Saved entries
-------------------------

(* For every countable two-sorted ultrametric space $X$ there is a topological group embedding $\mathrm{Aut}(X)\to\mathrm{Aut}(\mathbb U)$.
   Context: A two-sorted ultrametric space is $(X,d_X,D_X)$ with $D_X$ a linear order with least element $0$, $d_X\colon X\times X\to D_X$ symmetric, $d_X(x,y)=0\iff x=y$, $d_X(x,z)\le\max\{d_X(x,y),d_X(y,z)\}$; countable if both $X$ and $D_X$ are countable. $\mathrm{Aut}(X)$ is the group of dc-automorphisms (bijections $f$ of $X$ with an order automorphism $D_f$ of $D_X$ with $d(f(x),f(y))=D_f(d(x,y))$) with the topology of pointwise convergence on both sorts (both viewed as discrete). $\mathbb U$ is the countable rational Urysohn ultrametric space viewed as a two-sorted space with distance set $\mathbb Q_{\ge0}$ (equivalently the Fraïssé limit of finite two-sorted ultrametric spaces with dc-embeddings). *)

theory Defs
  imports "HOL-Analysis.Analysis" "HOL-Algebra.Group"
begin

definition tsum_space :: "'a set \<Rightarrow> 'd::linorder set \<Rightarrow> 'd \<Rightarrow> ('a \<Rightarrow> 'a \<Rightarrow> 'd) \<Rightarrow> bool" where
  "tsum_space X D z d \<longleftrightarrow>
     z \<in> D \<and> (\<forall>e\<in>D. z \<le> e) \<and>
     (\<forall>x\<in>X. \<forall>y\<in>X. d x y \<in> D \<and> d x y = d y x \<and> (d x y = z \<longleftrightarrow> x = y)) \<and>
     (\<forall>x\<in>X. \<forall>y\<in>X. \<forall>w\<in>X. d x w \<le> max (d x y) (d y w))"

definition countable_tsum_space :: "'a set \<Rightarrow> 'd::linorder set \<Rightarrow> 'd \<Rightarrow> ('a \<Rightarrow> 'a \<Rightarrow> 'd) \<Rightarrow> bool" where
  "countable_tsum_space X D z d \<longleftrightarrow> tsum_space X D z d \<and> countable X \<and> countable D"

text \<open>dc-automorphisms, represented as pairs (f, D_f) of maps that are the identity
  outside X resp. D (so that each automorphism has a unique representative).\<close>
definition dc_aut :: "'a set \<Rightarrow> 'd::linorder set \<Rightarrow> ('a \<Rightarrow> 'a \<Rightarrow> 'd) \<Rightarrow> (('a \<Rightarrow> 'a) \<times> ('d \<Rightarrow> 'd)) set" where
  "dc_aut X D d = {(f, g).
     bij_betw f X X \<and> (\<forall>x. x \<notin> X \<longrightarrow> f x = x) \<and>
     bij_betw g D D \<and> strict_mono_on D g \<and> (\<forall>e. e \<notin> D \<longrightarrow> g e = e) \<and>
     (\<forall>x\<in>X. \<forall>y\<in>X. d (f x) (f y) = g (d x y))}"

definition aut_group :: "'a set \<Rightarrow> 'd::linorder set \<Rightarrow> ('a \<Rightarrow> 'a \<Rightarrow> 'd) \<Rightarrow> (('a \<Rightarrow> 'a) \<times> ('d \<Rightarrow> 'd)) monoid" where
  "aut_group X D d = \<lparr> carrier = dc_aut X D d,
     mult = (\<lambda>h k. (fst h \<circ> fst k, snd h \<circ> snd k)),
     one = (id, id) \<rparr>"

-------------------------

Among the lines above, return those that contain the string "bool".

▶ SOLUTION TO THIS EXERCISE:
definition tsum_space :: "'a set \<Rightarrow> 'd::linorder set \<Rightarrow> 'd \<Rightarrow> ('a \<Rightarrow> 'a \<Rightarrow> 'd) \<Rightarrow> bool" where
definition countable_tsum_space :: "'a set \<Rightarrow> 'd::linorder set \<Rightarrow> 'd \<Rightarrow> ('a \<Rightarrow> 'a \<Rightarrow> 'd) \<Rightarrow> bool" where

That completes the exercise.